We deal with long lived TCP sessions (hours/days). I don't see how routing updates can happen that won't result in a disconnect/ reconnect, which isn't acceptable. With current BGP technologies, if I need to move traffic off a transit port, I can do so without relying on all of our servers to know anything about it, the move is instant, and non-disruptive. Shim6 requires a keepalive to expire for the end nodes to realize something is broken, then re-negotiate the remaining routing decisions. With BGP, I can see if one of my transit links goes down directly, and compensate before users start getting impatient.

We have peering arrangements with about 120 ASNs. How do we mix BGP IPv6 peering and Shim6 for transit?

So far it looks like Shim6 is going to rely on DNS. The DNS caching issue is a real problem. We need changes to happen faster than DNS caching will allow.

Our network is complicated. We have a /21 that's split into 4 /23s. One for each non-interconnected POP. We only advertise the /23 for each POP out to transit, but we give peers access to our entire network wherever they peer with us and we pay to haul/tunnel it around. How do we even do this without PI space, let alone through shim6?

For quite the foreseeable future, we'd be running IPv4 and IPv6 at the same time, over the same transit connections. We'd have to TE our IPv6 bits completely differently than our IPv4 bits, even though we'd be billed for the aggregate usage of both. Automated tools for tweaking total usage per transit port is hard enough in BGP. Having to tweak both BGP and some external shim6 method of TE when the goal is a common aggregate number is going to be a very difficult issue.

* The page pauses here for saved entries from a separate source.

lemma inner_rank_diag_divisor_chain:
  fixes d :: "nat \<Rightarrow> nat" and S T :: "'a::nontriv mod_ring mat"
  assumes S: "S \<in> carrier_mat m m" "invertible_mat S"
    and T: "T \<in> carrier_mat n n" "invertible_mat T" and mn: "m \<le> n"
    and dvd_Suc: "\<And>c. c \<in> {1..<m} \<Longrightarrow> d c dvd d (Suc c)"
    and dvd_card: "\<And>c. c \<in> {1..m} \<Longrightarrow> d c dvd CARD('a)"
  shows "inner_rank (S * diag_rect m n (\<lambda>k. of_nat (d (Suc k))) * T) =
    Max ({0} \<union> {c\<in>{1..m}. d c \<noteq> CARD('a)})"
proof -
  define R where "R = {c\<in>{1..m}. d c \<noteq> CARD('a)}"
  define r where "r = Max ({0} \<union> R)"
  have R: "finite R" "R \<subseteq> {1..m}"
    unfolding R_def by auto
  have chain: "d c dvd d c'" if "1 \<le> c" "c \<le> c'" "c' \<le> m" for c c'
    using \<open>c \<le> c'\<close>
  proof (induction c' rule: dec_induct)
    case (step k)
    with that show ?case
      using dvd_Suc[of k] dvd_trans by auto
  qed simp
  have rank_eq: "inner_rank (S * diag_rect m n (\<lambda>k. of_nat (d (Suc k))) * T) =
      inner_rank (diag_rect m n (\<lambda>k. of_nat (d (Suc k)) :: 'a mod_ring))"
    by (rule inner_rank_invertible_mult[OF S T]) (simp add: diag_rect_def)
  have "inner_rank (diag_rect m n (\<lambda>k. of_nat (d (Suc k)) :: 'a mod_ring)) \<le> r"
  proof (rule inner_rank_diag_rect_le)
    fix i assume "r \<le> i" "i < m"
    then have "Suc i \<notin> R"
      using Max_ge[of "{0} \<union> R" "Suc i"] R unfolding r_def by auto
    with \<open>i < m\<close> show "(of_nat (d (Suc i)) :: 'a mod_ring) = 0"
      unfolding R_def by simp
  qed
  moreover have "r \<le> inner_rank (diag_rect m n (\<lambda>k. of_nat (d (Suc k)) :: 'a mod_ring))"
  proof (cases "r = 0")
    case False
    then have "r \<in> R"
      using Max_in[of "{0} \<union> R"] R unfolding r_def by auto
    then show ?thesis
      using R mn unfolding R_def
      by (intro inner_rank_diag_rect_ge[where D = "d r"] chain dvd_card) auto
  qed simp
  ultimately show ?thesis
    unfolding rank_eq r_def R_def by (rule antisym)
qed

Some of our applications are extremely sensitive to jitter/latency. We've spent ages tweaking route-maps manually (and through automated continual tweaking) to make sure we avoid any congested links. We also rely on BGP communities by our providers to give us some more information when it comes to route decisions. (If NSP A tells me through communities that they peer directly with someone, where NSP B is crossing the country, then hitting another NSP before the Origin ASN, we prefer NSP A). I don't see how information like this, or tweaking to that level is even possible with Shim6. BGP works well for applications like this because each network the traffic passes through can add its own hints (Communities, prepending, etc) to the route, that lots of us use.

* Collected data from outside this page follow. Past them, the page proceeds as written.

(* Let $\mu\in\mathcal M_{a,b,KN^{-1}}(\mathbb T^N)$ be a probability measure and $B(k)$ as defined below. For every $k\in[1,N]$, distinct indices $i_1,\dots,i_k\in[1,N]$, $j\in[1,k-1]$, points $x_{i_1},\dots,x_{i_{k-1}},x'_{i_j}\in\mathbb T$, and $\psi:\mathbb T\to\mathbb R$ with $\mathrm{Osc}\,\psi<\infty$, $$\int_{\mathbb T}\psi\,d\Pi_{i_k}\big[\mu_{(x_{i_1},\dots,x_{i_j},\dots,x_{i_{k-1}})}-\mu_{(x_{i_1},\dots,x'_{i_j},\dots,x_{i_{k-1}})}\big]\le B(N-1)\,[1+2B(k)]\,\mathrm{Osc}\,\psi .$$
   Context: $\mathbb T=\mathbb R/\mathbb Z$. $\mu\in\mathcal M_{a,b,L}$ means: $\mu$ has density $\rho\in C^2(\mathbb T^N,(0,\infty))$, and for every $i$ the conditional densities $\rho_{\hat{\boldsymbol x}_i}(x)=\rho(x;\hat{\boldsymbol x}_i)/\int\rho(s;\hat{\boldsymbol x}_i)ds$ lie in $\mathcal V_a:=\{\psi\in C^2(\mathbb T,(0,\infty)):|(\log\psi)'|<a\}$ and satisfy $\theta_b(\rho_{\hat{\boldsymbol x}_i},\rho_{\hat{\boldsymbol x}'_i})\le L|x_j-x'_j|$ when $\hat{\boldsymbol x}_i,\hat{\boldsymbol x}'_i$ differ only in coordinate $j$, where $\theta_b(\psi_1,\psi_2)=\log\beta_b(\psi_1,\psi_2)+\log\beta_b(\psi_2,\psi_1)$, $\beta_b(\psi_1,\psi_2)=\inf\{t>0:t\psi_1-\psi_2\in\mathcal V_b\}$. $\mu_{(x_{i_1},\dots,x_{i_m})}$ is the conditional probability measure of $\mu$ on the torus of the remaining coordinates when coordinates $i_1,\dots,i_m$ are fixed; $\Pi_{i_k}$ is the marginal on coordinate $i_k$. $\mathrm{Osc}_j\psi:=\sup\{|\psi(x_j;\hat{\boldsymbol x}_j)-\psi(x'_j;\hat{\boldsymbol x}_j)|\}$, $\mathrm{Osc}\,\psi:=\max_j\mathrm{Osc}_j\psi$, $\mathcal O_\alpha(\mathbb T^m):=\{\psi\in L^1:\mathrm{Osc}_j\psi\le\alpha\ \forall j\}$. $B(k):=\sup\int_{\mathbb T^{N-k}}\psi\,d[\mu_{(x_{i_1},\dots,x_{i_j},\dots,x_{i_k})}-\mu_{(x_{i_1},\dots,x'_{i_j},\dots,x_{i_k})}]$ over $j\in[1,k]$, $\psi\in\mathcal O_1(\mathbb T^{N-k})$, distinct $i_1,\dots,i_k$ and points $x_{i_1},\dots,x_{i_k},x'_{i_j}\in\mathbb T$. *)

theory Defs
  imports "HOL-Probability.Probability"
begin

section \<open>The circle T = R/Z, represented by the fundamental domain [0,1)\<close>

definition Tset :: "real set" where
  "Tset = {0..<1}"

definition Tm :: "real measure" where
  "Tm = restrict_space lborel Tset"

definition torus :: "'n set \<Rightarrow> ('n \<Rightarrow> real) measure" where
  "torus J = PiM J (\<lambda>_. Tm)"

definition C2_real :: "(real \<Rightarrow> real) \<Rightarrow> bool" where
  "C2_real f \<longleftrightarrow> (\<exists>f' f''. (\<forall>x. (f has_real_derivative f' x) (at x)) \<and>
       (\<forall>x. (f' has_real_derivative f'' x) (at x)) \<and> continuous_on UNIV f'')"

definition C2_vec :: "(real^'n \<Rightarrow> real) \<Rightarrow> bool" where
  "C2_vec f \<longleftrightarrow> (\<exists>(D1 :: real^'n \<Rightarrow> ((real^'n) \<Rightarrow>\<^sub>L real))
                    (D2 :: real^'n \<Rightarrow> ((real^'n) \<Rightarrow>\<^sub>L ((real^'n) \<Rightarrow>\<^sub>L real))).
       (\<forall>x. (f has_derivative blinfun_apply (D1 x)) (at x)) \<and>
       (\<forall>x. (D1 has_derivative blinfun_apply (D2 x)) (at x)) \<and>
       continuous_on UNIV D2)"

text \<open>V_a = {psi in C^2(T,(0,oo)) : |(log psi)'| < a}; functions on T are 1-periodic functions on R.\<close>
definition V :: "real \<Rightarrow> (real \<Rightarrow> real) set" where
  "V a = {\<psi>. (\<forall>s. \<psi> (s + 1) = \<psi> s) \<and> (\<forall>s. \<psi> s > 0) \<and> C2_real \<psi> \<and>
             (\<forall>s. \<bar>deriv (\<lambda>u. ln (\<psi> u)) s\<bar> < a)}"

text \<open>beta_b(psi1,psi2) = inf{t>0 : t psi1 - psi2 in V_b} (inf of the empty set = +oo).\<close>
definition beta :: "real \<Rightarrow> (real \<Rightarrow> real) \<Rightarrow> (real \<Rightarrow> real) \<Rightarrow> ereal" where
  "beta b \<psi>1 \<psi>2 = Inf {ereal t | t. t > 0 \<and> (\<lambda>s. t * \<psi>1 s - \<psi>2 s) \<in> V b}"

definition theta :: "real \<Rightarrow> (real \<Rightarrow> real) \<Rightarrow> (real \<Rightarrow> real) \<Rightarrow> ereal" where
  "theta b \<psi>1 \<psi>2 =
     (case (beta b \<psi>1 \<psi>2, beta b \<psi>2 \<psi>1) of
        (ereal u, ereal v) \<Rightarrow> (if u > 0 \<and> v > 0 then ereal (ln u + ln v) else \<infinity>)
      | _ \<Rightarrow> \<infinity>)"

definition vupd :: "real^'n \<Rightarrow> 'n \<Rightarrow> real \<Rightarrow> real^'n" where
  "vupd x i s = (\<chi> k. if k = i then s else x $ k)"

We'd still be relying on PA space. No matter how great dhcp6 is, there will be significant renumbering pain when providers are changed. Static ACLs, firewall rules, etc. If you're including customer machines in the renumbering, many simply won't do it.

Putting the logic behind traffic engineering and routing decisions into thousands of boxes seems a step backwards from putting the decision on our border/edges. Many more places where things can break. If we want to do things in a non-standard way, every box has to support it. If there are refinements to Shim6 later, we're forced with either not using them, or forcing our customers to upgrade their OS.

How do we deal with "backup connections"? I.e. connections that are only used if all others are down. Right now we advertise only a supernet out to our "backup transit" provider, and the more specifics to our main providers. (Yes, I realize this isn't perfect, but it works fine for us.)



Please don't get me wrong, I think Shim6 is great for a lot of people. Being able to let ANYONE multihome with no impact on the world is great. BUT, there needs to be a fallback to the BGP/IPv4-ish way for people who need the "power user" set of tools, or there is going to be a huge pushback from a lot of groups when asked to switch to ipv6. This fallback has to be available to anyone who can justify the need, not just "anyone bigger than X size".